ABOUT THIS EXERCISE
Please restate exactly what appears in the records below from the first line to the line where "2) \<le> exp" is, that line included.

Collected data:
lemma sum_gaussian_folded_le:
  fixes a :: real
  assumes a: "0 < a"
  shows "(\<Sum>r<M. exp (- a * real (min r (M - r)) ^ 2)) \<le> 4 * (1 + 1 / sqrt a)"
proof -
  have "exp (- a * real (min r (M - r)) ^ 2) \<le> exp (- a * real r ^ 2) + exp (- a * real (M - r) ^ 2)"
    for r by (cases "r \<le> M - r") (simp_all add: min_def add_increasing add_increasing2)
  then have "(\<Sum>r<M. exp (- a * real (min r (M - r)) ^ 2))
      \<le> (\<Sum>r<M. exp (- a * real r ^ 2) + exp (- a * real (M - r) ^ 2))"
    by (intro sum_mono)
  also have "\<dots> = (\<Sum>r<M. exp (- a * real r ^ 2)) + (\<Sum>r<M. exp (- a * real (M - r) ^ 2))"
    by (rule sum.distrib)
  also have "(\<Sum>r<M. exp (- a * real (M - r) ^ 2))
      = (\<Sum>u\<in>(\<lambda>r. M - r) ` {..<M}. exp (- a * real u ^ 2))"
    by (subst sum.reindex) (auto simp: inj_on_def)
  also have "\<dots> \<le> (\<Sum>u<M + 1. exp (- a * real u ^ 2))"
    by (intro sum_mono2) auto
  finally show ?thesis using sum_gaussian_le[OF a, of M] sum_gaussian_le[OF a, of "M + 1"]
    by linarith
qed

lemma sum_lessThan_mult_mod:
  fixes f :: "nat \<Rightarrow> 'a::comm_semiring_1"
  shows "(\<Sum>l<q * M. f (l mod M)) = of_nat q * (\<Sum>r<M. f r)"
proof -
  have "(\<Sum>l<q * M. f (l mod M)) = (\<Sum>q'<q. \<Sum>l\<in>{q' * M..<q' * M + M}. f (l mod M))"
    by (rule sum.nat_group[symmetric])
  also have "\<dots> = (\<Sum>q'<q. \<Sum>r<M. f r)"
  proof (rule sum.cong[OF refl])
    fix q'
    have "(\<Sum>l\<in>{q' * M..<q' * M + M}. f (l mod M)) = (\<Sum>l\<in>{0 + q' * M..<M + q' * M}. f (l mod M))"
      by (simp add: add.commute)
    also have "\<dots> = (\<Sum>r\<in>{0..<M}. f ((r + q' * M) mod M))"
      by (rule sum.shift_bounds_nat_ivl)
    finally show "(\<Sum>l\<in>{q' * M..<q' * M + M}. f (l mod M)) = (\<Sum>r<M. f r)"
      by (simp add: atLeast0LessThan)
  qed
  finally show ?thesis by simp
qed

section \<open>Products of probability mass functions\<close>

lemma integral_pair_pmf_finite:
  fixes f :: "'a \<times> 'b \<Rightarrow> 'c::{banach, second_countable_topology}"
  assumes A: "finite (set_pmf A)" and B: "finite (set_pmf B)"
  shows "measure_pmf.expectation (pair_pmf A B) f =
         measure_pmf.expectation A (\<lambda>a. measure_pmf.expectation B (\<lambda>b. f (a, b)))"
proof -
  have inner: "measure_pmf.expectation B (\<lambda>b. f (a, b)) = (\<Sum>b\<in>set_pmf B. pmf B b *\<^sub>R f (a, b))" for a
    by (rule integral_measure_pmf) (use B in auto)
  have "measure_pmf.expectation (pair_pmf A B) f
      = (\<Sum>z\<in>set_pmf A \<times> set_pmf B. pmf (pair_pmf A B) z *\<^sub>R f z)"
    by (rule integral_measure_pmf) (use A B in auto)
  also have "\<dots> = (\<Sum>(a, b)\<in>set_pmf A \<times> set_pmf B. pmf A a *\<^sub>R (pmf B b *\<^sub>R f (a, b)))"
    by (intro sum.cong refl) (auto simp: pmf_pair)
  also have "\<dots> = (\<Sum>a\<in>set_pmf A. \<Sum>b\<in>set_pmf B. pmf A a *\<^sub>R (pmf B b *\<^sub>R f (a, b)))"
    by (simp add: sum.cartesian_product)
  also have "\<dots> = (\<Sum>a\<in>set_pmf A. pmf A a *\<^sub>R measure_pmf.expectation B (\<lambda>b. f (a, b)))"
    by (simp add: inner scaleR_sum_right)
  also have "\<dots> = measure_pmf.expectation A (\<lambda>a. measure_pmf.expectation B (\<lambda>b. f (a, b)))"
    by (rule integral_measure_pmf[symmetric]) (use A in auto)
  finally show ?thesis .
qed

lemma prob_pair_pmf_finite:
  assumes "finite (set_pmf A)" "finite (set_pmf B)"
  shows "measure_pmf.prob (pair_pmf A B) T =
         measure_pmf.expectation A (\<lambda>a. measure_pmf.prob B {b. (a, b) \<in> T})"
proof -
  have "(\<lambda>b. indicator T (a, b) :: real) = indicator {b. (a, b) \<in> T}" for a
    by (auto simp: indicator_def)
  then show ?thesis
    using integral_pair_pmf_finite[OF assms, of "indicator T :: _ \<Rightarrow> real"] by simp
qed

lemma finite_set_Pi_pmf:
  assumes "finite J" "\<And>j. j \<in> J \<Longrightarrow> finite (set_pmf (P j))"
  shows "finite (set_pmf (Pi_pmf J d P))"
  using assms by (simp add: set_Pi_pmf finite_PiE_dflt)

lemma expectation_prod_Pi_pmf_finite:
  fixes f :: "'a \<Rightarrow> 'b \<Rightarrow> 'c::{real_normed_field, banach, second_countable_topology}"
  assumes "finite J" "\<And>j. finite (set_pmf (P j))"
  shows "measure_pmf.expectation (Pi_pmf J d P) (\<lambda>xi. \<Prod>j\<in>J. f j (xi j)) =
         (\<Prod>j\<in>J. measure_pmf.expectation (P j) (f j))"
  using assms(1)
proof (induction rule: finite_induct)
  case empty
  show ?case by simp
next
  case (insert x J)
  have fin: "finite (set_pmf (Pi_pmf J d P))"
    by (rule finite_set_Pi_pmf) (use insert assms in auto)
  have upd: "(\<Prod>j\<in>insert x J. f j ((g(x := y)) j)) = f x y * (\<Prod>j\<in>J. f j (g j))" for g y
    using insert by (auto intro!: prod.cong)
  have "measure_pmf.expectation (Pi_pmf (insert x J) d P) (\<lambda>xi. \<Prod>j\<in>insert x J. f j (xi j)) =
        measure_pmf.expectation (pair_pmf (P x) (Pi_pmf J d P))
          (\<lambda>z. \<Prod>j\<in>insert x J. f j (((snd z)(x := fst z)) j))"
    using insert by (simp add: Pi_pmf_insert case_prod_unfold)
  also have "\<dots> = measure_pmf.expectation (P x) (\<lambda>y. measure_pmf.expectation (Pi_pmf J d P)
          (\<lambda>g. \<Prod>j\<in>insert x J. f j ((g(x := y)) j)))"
    by (simp only: integral_pair_pmf_finite[OF assms(2) fin] fst_conv snd_conv)
  also have "\<dots> = measure_pmf.expectation (P x) (\<lambda>y. f x y *
          measure_pmf.expectation (Pi_pmf J d P) (\<lambda>g. \<Prod>j\<in>J. f j (g j)))"
    by (simp only: upd integral_mult_right_zero)
  also have "\<dots> = (\<Prod>j\<in>insert x J. measure_pmf.expectation (P j) (f j))"
    using insert by simp
  finally show ?case .
qed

OUTPUT BELOW
lemma sum_gaussian_folded_le:
  fixes a :: real
  assumes a: "0 < a"
  shows "(\<Sum>r<M. exp (- a * real (min r (M - r)) ^ 2)) \<le> 4 * (1 + 1 / sqrt a)"
proof -
  have "exp (- a * real (min r (M - r)) ^ 2) \<le> exp (- a * real r ^ 2) + exp (- a * real (M - r) ^ 2)"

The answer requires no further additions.